To Pre-Activate or Not Pre-Activate EC?

Resting EC or EC pre-activated by cytokines, ADP, or heme can be used (Table S3) to provide additional information.

When resting HUVEC were incubated with aHUS FB mutants added to FB-depleted normal human serum (NHS), enhanced C3b/iC3b-fragment deposition as measured by an anti-C3c-reacting antibody was observed (78). The same result was obtained for some cases when aHUS patient serum was incubated with resting HUVEC (30, 79). Nevertheless, incubation with NHS depleted in FB and reconstituted with other aHUS FB variants (80) or incubation with aHUS serum from patients carrying some C3 or FH variants (30, 79) may be insufficient to induce C3 or C5b-9 deposits. When quiescent HMEC-1 were incubated with aHUS serum from patients carrying mutations in FH, FI, C3, or FH/CFHR1 hybrid, enhanced C3c or C5b-9 deposition was reported only if serum was collected during the acute phases of the disease and not after reaching remission (82, 89). Furthermore, deposits on quiescent HMEC-1 are better correlated with relapse risk during the tapering or discontinuation of eculizumab (85).
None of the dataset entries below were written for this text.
(* Let $n,k$ be integers with $1\le k\le n-2$ and let $c_0,\dots,c_{n-1}$ be real constants. For an ordered bid vector $b_1\ge\dots\ge b_n\ge 0$ define $r_i=c_0+c_1b_1+\dots+c_{i-1}b_{i-1}+c_ib_{i+1}+\dots+c_{n-1}b_n$ for $i=1,\dots,n$. Suppose that for every ordered bid vector $b_1\ge\dots\ge b_n\ge 0$ we have both $r_n\ge 0$ (IR$_u$) and $\sum_{i=1}^n r_i\le k\,b_k$ (Approx-IR$_M$). Then $c_i=0$ for $i=0,1,\dots,k-1$.
   Context: Here $r_i$ is the rebate given to the $i$-th highest included bidder in a block of $n$ included transactions of which the top $k$ are confirmed; $r_i$ depends only on the other bids, listed in decreasing order. *)

theory Defs
  imports Main "HOL.Real"
begin

text \<open>Bid vectors are functions b :: nat => real, with b 1, ..., b n meaningful.
  Coefficients c 0, ..., c (n-1).\<close>

definition ordered_bids :: "nat \<Rightarrow> (nat \<Rightarrow> real) \<Rightarrow> bool" where
  "ordered_bids n b \<longleftrightarrow> (\<forall>i. 1 \<le> i \<and> i < n \<longrightarrow> b i \<ge> b (i+1)) \<and> b n \<ge> 0"

definition rebate :: "nat \<Rightarrow> (nat \<Rightarrow> real) \<Rightarrow> (nat \<Rightarrow> real) \<Rightarrow> nat \<Rightarrow> real" where
  "rebate n c b i = c 0 + (\<Sum>j=1..<i. c j * b j) + (\<Sum>j=i..<n. c j * b (j+1))"

end

theory Submission
  imports Defs
begin

text \<open>Strong induction on \<open>m < k\<close>. Once \<open>c 0 = \<dots> = c (m-1) = 0\<close>, let the top \<open>m\<close> bidders bid 1 and the
  others 0. Then \<open>r\<^sub>i = 0\<close> for \<open>i \<le> m\<close> and \<open>r\<^sub>i = c\<^sub>m\<close> for \<open>i > m\<close>, while \<open>b\<^sub>k = 0\<close>. So IR\<open>\<^sub>u\<close> gives
  \<open>c\<^sub>m \<ge> 0\<close> and Approx-IR\<open>\<^sub>M\<close> gives \<open>(n - m) c\<^sub>m \<le> 0\<close>, whence \<open>c\<^sub>m = 0\<close>.\<close>

definition top_unit_bids :: "nat \<Rightarrow> nat \<Rightarrow> real" where
  "top_unit_bids m j = (if 1 \<le> j \<and> j \<le> m then 1 else 0)"

lemma ordered_bids_top_unit_bids: "ordered_bids n (top_unit_bids m)"
  by (simp add: ordered_bids_def top_unit_bids_def)

lemma rebate_top_unit_bids:
  fixes c :: "nat \<Rightarrow> real"
  assumes lower: "\<forall>l<m. c l = 0" and "1 \<le> i"
  shows "rebate n c (top_unit_bids m) i = (if m < i then c m else 0)"
proof -
  have first: "(\<Sum>j=1..<i. c j * top_unit_bids m j) = (if 1 \<le> m \<and> m < i then c m else 0)"
  proof -
    have "(\<Sum>j=1..<i. c j * top_unit_bids m j) = (\<Sum>j=1..<i. if j = m then c m else 0)"
      using lower by (intro sum.cong) (auto simp: top_unit_bids_def)
    then show ?thesis by (simp add: sum.delta)
  qed
  have second: "(\<Sum>j=i..<n. c j * top_unit_bids m (j+1)) = 0"
    using lower by (intro sum.neutral) (auto simp: top_unit_bids_def)
  have "c 0 = (if m = 0 then c m else 0)"
    using lower by simp
  then show ?thesis
    using \<open>1 \<le> i\<close> unfolding rebate_def first second by auto
qed

lemma sum_rebate_top_unit_bids:
  fixes c :: "nat \<Rightarrow> real"
  assumes "\<forall>l<m. c l = 0"
  shows "(\<Sum>i=1..n. rebate n c (top_unit_bids m) i) = real (n - m) * c m"
proof -
  have "(\<Sum>i=1..n. rebate n c (top_unit_bids m) i) = (\<Sum>i=1..n. if m < i then c m else 0)"
    using assms by (intro sum.cong) (simp_all add: rebate_top_unit_bids)
  also have "\<dots> = (\<Sum>i\<in>{Suc m..n}. c m)"
    by (rule sum.mono_neutral_cong_right) auto
  finally show ?thesis by simp
qed

lemma coeff_eq_0_if_lower_coeffs_eq_0:
  fixes c :: "nat \<Rightarrow> real"
  assumes "m < k" and "k \<le> n" and lower: "\<forall>l<m. c l = 0"
    and IR_u: "\<And>b. ordered_bids n b \<Longrightarrow> rebate n c b n \<ge> 0"
    and Approx_IR_M: "\<And>b. ordered_bids n b \<Longrightarrow> (\<Sum>i=1..n. rebate n c b i) \<le> real k * b k"
  shows "c m = 0"
proof -
  have "c m \<ge> 0"
    using IR_u[OF ordered_bids_top_unit_bids, of m] rebate_top_unit_bids[OF lower, of n n] assms(1,2)
    by simp
  moreover have "real (n - m) * c m \<le> 0"
    using Approx_IR_M[OF ordered_bids_top_unit_bids, of m] sum_rebate_top_unit_bids[OF lower, of n] \<open>m < k\<close>
    by (simp add: top_unit_bids_def)
  moreover have "real (n - m) > 0"
    using assms(1,2) by simp
  ultimately show ?thesis
    by (simp add: mult_le_0_iff)
qed

theorem claim2:
  fixes n k :: nat and c :: "nat \<Rightarrow> real"
  assumes "1 \<le> k" and "k + 2 \<le> n"
    and IR_u: "\<And>b. ordered_bids n b \<Longrightarrow> rebate n c b n \<ge> 0"
    and Approx_IR_M: "\<And>b. ordered_bids n b \<Longrightarrow> (\<Sum>i=1..n. rebate n c b i) \<le> real k * b k"
  shows "\<forall>i<k. c i = 0"
proof (intro allI impI)
  fix i
  show "i < k \<Longrightarrow> c i = 0"
  proof (induction i rule: less_induct)
    case (less m)
    then have lower: "\<forall>l<m. c l = 0" by simp
    show ?case
      by (rule coeff_eq_0_if_lower_coeffs_eq_0[OF less.prems _ lower IR_u Approx_IR_M])
        (use \<open>k + 2 \<le> n\<close> in simp)
  qed
qed

end
(* Let $\Sigma=(V,E)$ be a finite directed network in which every edge has capacity $1$, which is inner-superbalanced, and whose boundary is partitioned as $\partial\Sigma=A\sqcup B\sqcup C\sqcup D$. Then $$-I_3(A:B:C):=S(AB)+S(AC)+S(BC)-S(A)-S(B)-S(C)-S(ABC)\ \ge\ 0.$$
   Context: A flow on a directed network with capacities $c$ is a function $v:E\to\mathbb R_{\ge0}$ with $v^e\le c^e$ and, at every non-boundary vertex $x$, total inflow equal to total outflow. The flux of $v$ out of a boundary set $X\subset\partial\Sigma$ is $\sum_{e:s(e)\in X}v^e-\sum_{e:t(e)\in X}v^e$, where $s(e),t(e)$ are the source and target of $e$; $S(X)$ is the maximum flux out of $X$ over all flows, and juxtaposition such as $AB$ denotes the union $A\cup B$. A network is inner-superbalanced if at each non-boundary vertex the total capacity of incoming edges is at most that of outgoing edges. *)

theory Defs
  imports Complex_Main
begin

text \<open>A directed network: vertex set V, edge set E (parallel edges allowed, since edges are
abstract objects), source map s, target map t, boundary Bd \<subseteq> V, capacity c.\<close>

definition is_flow ::
  "'v set \<Rightarrow> 'e set \<Rightarrow> ('e \<Rightarrow> 'v) \<Rightarrow> ('e \<Rightarrow> 'v) \<Rightarrow> 'v set \<Rightarrow> ('e \<Rightarrow> real) \<Rightarrow> ('e \<Rightarrow> real) \<Rightarrow> bool"
  where "is_flow V E s t Bd c f \<longleftrightarrow>
     (\<forall>e\<in>E. 0 \<le> f e \<and> f e \<le> c e) \<and>
     (\<forall>x\<in>V - Bd. (\<Sum>e\<in>{e\<in>E. t e = x}. f e) = (\<Sum>e\<in>{e\<in>E. s e = x}. f e))"

definition flux :: "'e set \<Rightarrow> ('e \<Rightarrow> 'v) \<Rightarrow> ('e \<Rightarrow> 'v) \<Rightarrow> ('e \<Rightarrow> real) \<Rightarrow> 'v set \<Rightarrow> real"
  where "flux E s t f X = (\<Sum>e\<in>{e\<in>E. s e \<in> X}. f e) - (\<Sum>e\<in>{e\<in>E. t e \<in> X}. f e)"

text \<open>Maximum flux out of X over all flows (a maximum exists for finite networks; Sup of the
nonempty bounded set of achievable fluxes).\<close>
definition max_flux ::
  "'v set \<Rightarrow> 'e set \<Rightarrow> ('e \<Rightarrow> 'v) \<Rightarrow> ('e \<Rightarrow> 'v) \<Rightarrow> 'v set \<Rightarrow> ('e \<Rightarrow> real) \<Rightarrow> 'v set \<Rightarrow> real"
  where "max_flux V E s t Bd c X = Sup {flux E s t f X | f. is_flow V E s t Bd c f}"

definition inner_superbalanced ::
  "'v set \<Rightarrow> 'e set \<Rightarrow> ('e \<Rightarrow> 'v) \<Rightarrow> ('e \<Rightarrow> 'v) \<Rightarrow> 'v set \<Rightarrow> ('e \<Rightarrow> real) \<Rightarrow> bool"
  where "inner_superbalanced V E s t Bd c \<longleftrightarrow>
     (\<forall>x\<in>V - Bd. (\<Sum>e\<in>{e\<in>E. t e = x}. c e) \<le> (\<Sum>e\<in>{e\<in>E. s e = x}. c e))"

end

theory Submission
  imports Defs "HOL-Library.FuncSet"
begin

text \<open>
Every vertex set \<open>U\<close> with \<open>U \<inter> \<partial>\<Sigma> = X\<close> bounds \<open>S(X)\<close> by the capacity of the edges
leaving it. For unit capacities the bound is attained: take a 0/1 flow maximising the
flux out of \<open>X\<close>. No residual path joins \<open>X\<close> to another boundary vertex (augmenting
along it would increase the flux), so the set \<open>U\<close> of vertices residually reachable from
\<open>X\<close> has boundary trace \<open>X\<close>, and its outgoing edges are saturated while its incoming
edges carry nothing.

Take such minimal cuts \<open>U\<^sub>1, U\<^sub>2, U\<^sub>3\<close> for \<open>AB, AC, BC\<close>. Then \<open>U\<^sub>1 \<inter> U\<^sub>2 - U\<^sub>3\<close>,
\<open>U\<^sub>1 \<inter> U\<^sub>3 - U\<^sub>2\<close>, \<open>U\<^sub>2 \<inter> U\<^sub>3 - U\<^sub>1\<close> and \<open>U\<^sub>1 \<union> U\<^sub>2 \<union> U\<^sub>3\<close> have boundary traces \<open>A, B, C, ABC\<close>,
and an edge-by-edge count shows that their capacities, plus the net capacity leaving
\<open>U\<^sub>1 \<inter> U\<^sub>2 \<inter> U\<^sub>3\<close>, add up to at most those of \<open>U\<^sub>1, U\<^sub>2, U\<^sub>3\<close>. The set \<open>U\<^sub>1 \<inter> U\<^sub>2 \<inter> U\<^sub>3\<close>
contains no boundary vertex, so inner-superbalancedness makes that net capacity nonnegative.
\<close>

definition cut_capacity :: "'e set \<Rightarrow> ('e \<Rightarrow> 'v) \<Rightarrow> ('e \<Rightarrow> 'v) \<Rightarrow> ('e \<Rightarrow> real) \<Rightarrow> 'v set \<Rightarrow> real"
  where "cut_capacity E s t c U = (\<Sum>e\<in>{e\<in>E. s e \<in> U \<and> t e \<notin> U}. c e)"

lemma cut_capacity_eq_sum_edges:
  assumes "finite E"
  shows "cut_capacity E s t c U = (\<Sum>e\<in>E. of_bool (s e \<in> U \<and> t e \<notin> U) * c e)"
  using assms by (simp add: cut_capacity_def Int_def)

lemma flux_eq_sum_edges:
  assumes "finite E"
  shows "flux E s t f Y = (\<Sum>e\<in>E. (of_bool (s e \<in> Y) - of_bool (t e \<in> Y)) * f e)"
  using assms by (simp add: flux_def Int_def left_diff_distrib sum_subtractf)

lemma flux_eq_sum_vertex_flux:
  assumes "finite V" "finite E" "\<forall>e\<in>E. s e \<in> V \<and> t e \<in> V"
  shows "flux E s t f Y = (\<Sum>v\<in>Y \<inter> V. flux E s t f {v})"
proof -
  have "(\<Sum>v\<in>Y \<inter> V. flux E s t f {v})
      = (\<Sum>e\<in>E. (\<Sum>v\<in>Y \<inter> V. of_bool (s e = v) - of_bool (t e = v)) * f e)"
    using assms(2) by (simp add: flux_eq_sum_edges sum.swap[of _ "Y \<inter> V"] sum_distrib_right)
  also have "\<dots> = flux E s t f Y"
    using assms by (simp add: flux_eq_sum_edges sum_subtractf of_bool_def)
  finally show ?thesis ..
qed

lemma is_flow_iff_vertex_flux:
  "is_flow V E s t Bd c f \<longleftrightarrow>
    (\<forall>e\<in>E. 0 \<le> f e \<and> f e \<le> c e) \<and> (\<forall>x\<in>V - Bd. flux E s t f {x} = 0)"
  unfolding is_flow_def flux_def by auto

lemma flow_flux_inter_boundary:
  assumes "finite V" "finite E" "\<forall>e\<in>E. s e \<in> V \<and> t e \<in> V"
    and "is_flow V E s t Bd c f"
  shows "flux E s t f U = flux E s t f (U \<inter> Bd)"
proof -
  have "(\<Sum>v\<in>U \<inter> V. flux E s t f {v}) = (\<Sum>v\<in>(U \<inter> Bd) \<inter> V. flux E s t f {v})"
    using assms(1,4) by (intro sum.mono_neutral_right) (auto simp: is_flow_iff_vertex_flux)
  then show ?thesis
    using flux_eq_sum_vertex_flux[OF assms(1-3)] by metis
qed

lemma flow_flux_le_cut_capacity:
  assumes "finite V" "finite E" "\<forall>e\<in>E. s e \<in> V \<and> t e \<in> V"
    and "is_flow V E s t Bd c f" and "U \<inter> Bd = X"
  shows "flux E s t f X \<le> cut_capacity E s t c U"
proof -
  have "flux E s t f X = flux E s t f U"
    using flow_flux_inter_boundary[OF assms(1-4), of U] assms(5) by simp
  also have "\<dots> = (\<Sum>e\<in>E. (of_bool (s e \<in> U) - of_bool (t e \<in> U)) * f e)"
    using assms(2) by (rule flux_eq_sum_edges)
  also have "\<dots> \<le> (\<Sum>e\<in>E. of_bool (s e \<in> U \<and> t e \<notin> U) * c e)"
    using assms(4) by (intro sum_mono) (auto simp: is_flow_def)
  also have "\<dots> = cut_capacity E s t c U"
    using assms(2) by (rule cut_capacity_eq_sum_edges[symmetric])
  finally show ?thesis .
qed

lemma max_flux_le_cut_capacity:
  assumes "finite V" "finite E" "\<forall>e\<in>E. s e \<in> V \<and> t e \<in> V"
    and "\<forall>e\<in>E. 0 \<le> c e" and "U \<inter> Bd = X"
  shows "max_flux V E s t Bd c X \<le> cut_capacity E s t c U"
proof -
  have "is_flow V E s t Bd c (\<lambda>_. 0)"
    using assms(4) by (simp add: is_flow_def)
  moreover have "flux E s t f X \<le> cut_capacity E s t c U" if "is_flow V E s t Bd c f" for f
    using flow_flux_le_cut_capacity[OF assms(1-3) that assms(5)] .
  ultimately show ?thesis
    unfolding max_flux_def by (intro cSup_least) blast+
qed
(* Assume $f:\mathbb R^d\to\mathbb R$ is $L$-smooth. For any $(q_0,p_0)\in\mathbb R^d\times\mathbb R^d$ and any step size $\eta>0$ with $\eta^2L\le1$, $$f(\hat q_\eta)-f(q_\eta)\le\frac12\int_0^\eta\int_0^s(G_\tau-G_0)\,d\tau\,ds+\frac34\eta^4L^2\Big(\|p_0\|_2+\frac{1}{\sqrt L}\|\nabla f(q_0)\|_2\Big)^2,$$ where $G_t=\|\nabla f(q_0+tp_0)\|_2^2$.
   Context: $L$-smooth: $f$ differentiable with $\nabla f$ $L$-Lipschitz. Continuous Hamiltonian dynamics from $(q_0,p_0)$: $q_t=q_0+tp_0-\int_0^t\int_0^s\nabla f(q_\tau)\,d\tau\,ds$, $p_t=p_0-\int_0^t\nabla f(q_s)\,ds$ (solution of $\dot q=p$, $\dot p=-\nabla f(q)$). Leapfrog step: $\hat q_\eta=q_0+\eta p_0-\frac{\eta^2}{2}\nabla f(q_0)$, $\hat p_\eta=p_0-\frac\eta2\nabla f(q_0)-\frac\eta2\nabla f(\hat q_\eta)$. *)

theory Defs
  imports "HOL-Analysis.Analysis"
begin

definition L_smooth :: "(real^'n \<Rightarrow> real) \<Rightarrow> (real^'n \<Rightarrow> real^'n) \<Rightarrow> real \<Rightarrow> bool" where
  "L_smooth f gradf L \<longleftrightarrow>
     (\<forall>x. (f has_derivative (\<lambda>h. gradf x \<bullet> h)) (at x)) \<and>
     (\<forall>x y. norm (gradf x - gradf y) \<le> L * norm (x - y))"

end

theory Submission
  imports Defs
begin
To increase test sensitivity, the authors proposed pre-activating EC. Modifications in surface-bound protein expression enable complement activation. This was achieved in the case of P-selectin expression on HMEC-1 pre-activated with ADP, LPS, or thrombin (82) or P-selectin expression on HUVEC or GEnC pre-activated with heme (30, 80, 99), which could allow C3b binding and C3 convertase formation. Enhanced formation of C3 fragments by TNF/IFN pre-activation and C5b-9 deposition by ADP pre-activation on HUVEC or HMEC-1 cells was described after incubation of these cells with serum from asymptomatic carriers of mutations in AP regulatory proteins or C3 (79, 82). The normal range was established when pre-activated EC were incubated with sera from healthy donors. In addition, serum from healthy family members without the mutation was within the normal range in this assay (79).

What Kind of Blood Samples Might Be Incubated With EC?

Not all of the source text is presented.